The data below holds a line containing "theory Defs" and a line containing "represented as coefficient"; please quote exactly those two lines and every line between them, and nothing else.

* **Entries provided**:

----------------

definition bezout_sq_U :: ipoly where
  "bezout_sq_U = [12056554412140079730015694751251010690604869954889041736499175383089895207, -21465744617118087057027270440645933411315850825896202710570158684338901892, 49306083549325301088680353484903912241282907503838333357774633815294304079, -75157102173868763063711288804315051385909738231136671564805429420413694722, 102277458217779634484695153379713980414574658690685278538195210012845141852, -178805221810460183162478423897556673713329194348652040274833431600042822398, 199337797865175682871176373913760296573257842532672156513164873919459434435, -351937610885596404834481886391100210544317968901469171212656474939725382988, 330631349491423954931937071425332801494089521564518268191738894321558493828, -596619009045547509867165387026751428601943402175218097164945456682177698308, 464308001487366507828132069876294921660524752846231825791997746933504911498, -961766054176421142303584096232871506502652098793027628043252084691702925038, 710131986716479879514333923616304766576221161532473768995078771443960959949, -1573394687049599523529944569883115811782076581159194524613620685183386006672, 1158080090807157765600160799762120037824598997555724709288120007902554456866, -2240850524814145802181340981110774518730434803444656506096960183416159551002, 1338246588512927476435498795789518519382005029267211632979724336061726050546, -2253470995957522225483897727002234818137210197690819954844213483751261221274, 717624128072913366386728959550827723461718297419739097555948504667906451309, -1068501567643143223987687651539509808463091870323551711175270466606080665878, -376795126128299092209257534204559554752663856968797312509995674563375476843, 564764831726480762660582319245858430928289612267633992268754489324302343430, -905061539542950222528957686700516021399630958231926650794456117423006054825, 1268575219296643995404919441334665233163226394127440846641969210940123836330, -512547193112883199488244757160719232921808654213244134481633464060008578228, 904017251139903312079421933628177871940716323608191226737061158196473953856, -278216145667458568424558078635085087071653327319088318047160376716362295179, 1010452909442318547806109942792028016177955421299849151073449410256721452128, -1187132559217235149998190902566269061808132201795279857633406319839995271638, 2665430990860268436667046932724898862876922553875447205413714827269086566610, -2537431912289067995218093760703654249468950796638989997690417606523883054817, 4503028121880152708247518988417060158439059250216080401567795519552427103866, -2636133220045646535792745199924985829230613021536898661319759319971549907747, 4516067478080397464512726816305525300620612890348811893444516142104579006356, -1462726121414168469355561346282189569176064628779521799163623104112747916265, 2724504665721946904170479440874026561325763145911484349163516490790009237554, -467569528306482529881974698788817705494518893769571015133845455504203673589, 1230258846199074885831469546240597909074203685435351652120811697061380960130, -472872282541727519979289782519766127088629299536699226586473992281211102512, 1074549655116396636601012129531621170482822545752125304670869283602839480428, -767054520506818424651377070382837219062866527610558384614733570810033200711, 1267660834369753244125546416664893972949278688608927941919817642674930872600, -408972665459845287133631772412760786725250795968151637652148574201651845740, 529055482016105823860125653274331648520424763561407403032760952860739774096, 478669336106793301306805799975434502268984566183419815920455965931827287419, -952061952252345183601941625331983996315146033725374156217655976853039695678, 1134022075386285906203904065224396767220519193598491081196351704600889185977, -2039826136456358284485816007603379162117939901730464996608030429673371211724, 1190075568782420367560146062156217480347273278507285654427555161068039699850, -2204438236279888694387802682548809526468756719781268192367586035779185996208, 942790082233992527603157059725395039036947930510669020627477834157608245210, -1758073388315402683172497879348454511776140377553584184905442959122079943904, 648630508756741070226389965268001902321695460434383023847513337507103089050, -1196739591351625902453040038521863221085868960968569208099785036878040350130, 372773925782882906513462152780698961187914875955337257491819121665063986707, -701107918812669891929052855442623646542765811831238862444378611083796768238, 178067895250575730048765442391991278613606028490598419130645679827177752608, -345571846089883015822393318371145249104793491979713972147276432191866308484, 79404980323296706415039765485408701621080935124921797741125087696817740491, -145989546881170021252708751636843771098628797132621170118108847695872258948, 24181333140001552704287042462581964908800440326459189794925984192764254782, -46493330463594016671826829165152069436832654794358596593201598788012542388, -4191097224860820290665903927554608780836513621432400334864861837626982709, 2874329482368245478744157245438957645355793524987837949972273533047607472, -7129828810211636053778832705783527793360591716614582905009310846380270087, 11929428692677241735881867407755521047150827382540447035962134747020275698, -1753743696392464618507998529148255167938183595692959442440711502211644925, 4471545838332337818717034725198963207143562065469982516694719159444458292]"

----------------

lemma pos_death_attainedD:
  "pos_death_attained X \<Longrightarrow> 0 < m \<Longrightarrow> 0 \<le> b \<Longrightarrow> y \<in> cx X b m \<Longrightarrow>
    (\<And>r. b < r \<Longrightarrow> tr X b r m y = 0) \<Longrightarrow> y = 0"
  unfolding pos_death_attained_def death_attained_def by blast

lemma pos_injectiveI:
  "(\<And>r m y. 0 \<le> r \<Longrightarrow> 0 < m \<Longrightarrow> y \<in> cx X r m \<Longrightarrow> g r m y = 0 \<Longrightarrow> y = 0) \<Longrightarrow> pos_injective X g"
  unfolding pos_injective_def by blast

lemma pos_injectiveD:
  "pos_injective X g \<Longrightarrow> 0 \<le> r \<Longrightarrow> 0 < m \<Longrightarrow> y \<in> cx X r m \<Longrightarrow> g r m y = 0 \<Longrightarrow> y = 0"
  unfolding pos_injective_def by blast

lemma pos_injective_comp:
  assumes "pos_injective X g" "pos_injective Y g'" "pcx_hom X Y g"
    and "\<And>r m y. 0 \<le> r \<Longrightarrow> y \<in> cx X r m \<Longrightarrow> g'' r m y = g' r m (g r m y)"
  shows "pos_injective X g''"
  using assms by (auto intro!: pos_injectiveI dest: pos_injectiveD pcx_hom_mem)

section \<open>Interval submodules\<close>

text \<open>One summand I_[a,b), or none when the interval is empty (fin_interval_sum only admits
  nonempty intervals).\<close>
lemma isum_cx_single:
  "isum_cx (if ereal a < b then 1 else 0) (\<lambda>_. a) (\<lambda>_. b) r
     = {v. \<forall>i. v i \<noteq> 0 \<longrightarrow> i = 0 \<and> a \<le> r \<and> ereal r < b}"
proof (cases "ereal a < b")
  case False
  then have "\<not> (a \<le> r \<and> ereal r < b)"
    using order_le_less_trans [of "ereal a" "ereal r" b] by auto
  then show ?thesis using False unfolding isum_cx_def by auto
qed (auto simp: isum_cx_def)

----------------

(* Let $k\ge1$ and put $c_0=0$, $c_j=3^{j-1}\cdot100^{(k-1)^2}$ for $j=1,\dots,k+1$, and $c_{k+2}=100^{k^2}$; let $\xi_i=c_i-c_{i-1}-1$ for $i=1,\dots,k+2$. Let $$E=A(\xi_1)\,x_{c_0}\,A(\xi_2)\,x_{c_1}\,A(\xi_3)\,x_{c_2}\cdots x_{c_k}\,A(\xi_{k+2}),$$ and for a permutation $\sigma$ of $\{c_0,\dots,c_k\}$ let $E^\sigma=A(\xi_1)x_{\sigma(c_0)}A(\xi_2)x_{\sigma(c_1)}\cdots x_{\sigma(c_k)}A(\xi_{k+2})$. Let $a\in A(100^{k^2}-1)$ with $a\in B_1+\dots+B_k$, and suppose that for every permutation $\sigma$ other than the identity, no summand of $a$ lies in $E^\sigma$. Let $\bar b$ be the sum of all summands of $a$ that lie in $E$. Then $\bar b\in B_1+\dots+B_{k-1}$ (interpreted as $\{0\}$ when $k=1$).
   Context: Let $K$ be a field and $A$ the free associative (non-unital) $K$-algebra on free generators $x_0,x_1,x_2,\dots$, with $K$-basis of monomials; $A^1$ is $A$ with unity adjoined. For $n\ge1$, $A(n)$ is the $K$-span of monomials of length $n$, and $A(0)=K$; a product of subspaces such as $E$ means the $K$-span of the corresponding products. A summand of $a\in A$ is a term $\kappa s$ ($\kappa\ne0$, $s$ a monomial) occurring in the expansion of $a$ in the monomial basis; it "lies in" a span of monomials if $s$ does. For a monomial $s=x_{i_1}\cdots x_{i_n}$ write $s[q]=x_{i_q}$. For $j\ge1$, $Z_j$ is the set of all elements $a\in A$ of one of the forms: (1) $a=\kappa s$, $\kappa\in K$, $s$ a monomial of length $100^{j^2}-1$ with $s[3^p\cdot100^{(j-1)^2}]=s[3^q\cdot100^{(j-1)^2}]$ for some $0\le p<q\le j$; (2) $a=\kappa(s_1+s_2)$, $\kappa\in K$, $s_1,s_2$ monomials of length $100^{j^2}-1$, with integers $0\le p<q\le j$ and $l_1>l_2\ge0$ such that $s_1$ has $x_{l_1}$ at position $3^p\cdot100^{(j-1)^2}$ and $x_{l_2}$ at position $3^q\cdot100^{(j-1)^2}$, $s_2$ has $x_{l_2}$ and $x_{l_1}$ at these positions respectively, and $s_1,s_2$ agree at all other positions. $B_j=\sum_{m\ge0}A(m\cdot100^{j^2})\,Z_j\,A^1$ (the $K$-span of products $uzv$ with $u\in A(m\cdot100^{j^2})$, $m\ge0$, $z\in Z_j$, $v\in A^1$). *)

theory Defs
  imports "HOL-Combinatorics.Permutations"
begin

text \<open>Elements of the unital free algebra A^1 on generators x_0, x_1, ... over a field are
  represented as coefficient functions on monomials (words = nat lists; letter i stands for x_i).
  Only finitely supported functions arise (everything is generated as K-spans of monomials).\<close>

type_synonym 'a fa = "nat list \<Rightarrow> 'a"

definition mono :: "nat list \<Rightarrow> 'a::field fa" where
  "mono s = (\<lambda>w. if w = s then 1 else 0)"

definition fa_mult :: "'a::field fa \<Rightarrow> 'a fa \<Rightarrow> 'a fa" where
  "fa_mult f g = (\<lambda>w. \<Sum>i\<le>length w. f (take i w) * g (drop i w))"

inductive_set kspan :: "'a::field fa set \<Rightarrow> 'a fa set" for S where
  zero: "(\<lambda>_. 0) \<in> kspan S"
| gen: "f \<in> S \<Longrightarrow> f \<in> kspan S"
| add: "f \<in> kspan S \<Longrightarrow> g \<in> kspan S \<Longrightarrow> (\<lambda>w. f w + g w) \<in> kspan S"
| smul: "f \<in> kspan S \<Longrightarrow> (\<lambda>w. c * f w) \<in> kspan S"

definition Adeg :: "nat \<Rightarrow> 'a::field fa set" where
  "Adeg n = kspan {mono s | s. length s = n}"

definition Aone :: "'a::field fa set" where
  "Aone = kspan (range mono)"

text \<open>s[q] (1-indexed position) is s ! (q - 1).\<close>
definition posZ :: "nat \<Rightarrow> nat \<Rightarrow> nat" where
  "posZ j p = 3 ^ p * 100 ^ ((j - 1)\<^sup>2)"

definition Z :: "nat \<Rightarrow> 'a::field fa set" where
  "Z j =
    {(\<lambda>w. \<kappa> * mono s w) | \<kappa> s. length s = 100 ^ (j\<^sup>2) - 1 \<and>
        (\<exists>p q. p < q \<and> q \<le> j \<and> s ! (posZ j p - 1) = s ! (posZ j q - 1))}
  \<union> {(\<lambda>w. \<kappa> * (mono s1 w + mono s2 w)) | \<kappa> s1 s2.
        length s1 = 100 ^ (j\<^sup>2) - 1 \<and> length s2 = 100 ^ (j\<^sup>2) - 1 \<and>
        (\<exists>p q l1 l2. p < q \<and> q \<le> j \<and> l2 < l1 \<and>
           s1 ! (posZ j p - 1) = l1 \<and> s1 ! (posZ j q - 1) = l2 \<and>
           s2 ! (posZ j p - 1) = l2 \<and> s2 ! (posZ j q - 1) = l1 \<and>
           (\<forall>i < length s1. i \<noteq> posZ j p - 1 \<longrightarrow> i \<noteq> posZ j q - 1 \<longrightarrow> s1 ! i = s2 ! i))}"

----------------

* **Response below**:
theory Defs
  imports "HOL-Combinatorics.Permutations"
begin

text \<open>Elements of the unital free algebra A^1 on generators x_0, x_1, ... over a field are
  represented as coefficient functions on monomials (words = nat lists; letter i stands for x_i).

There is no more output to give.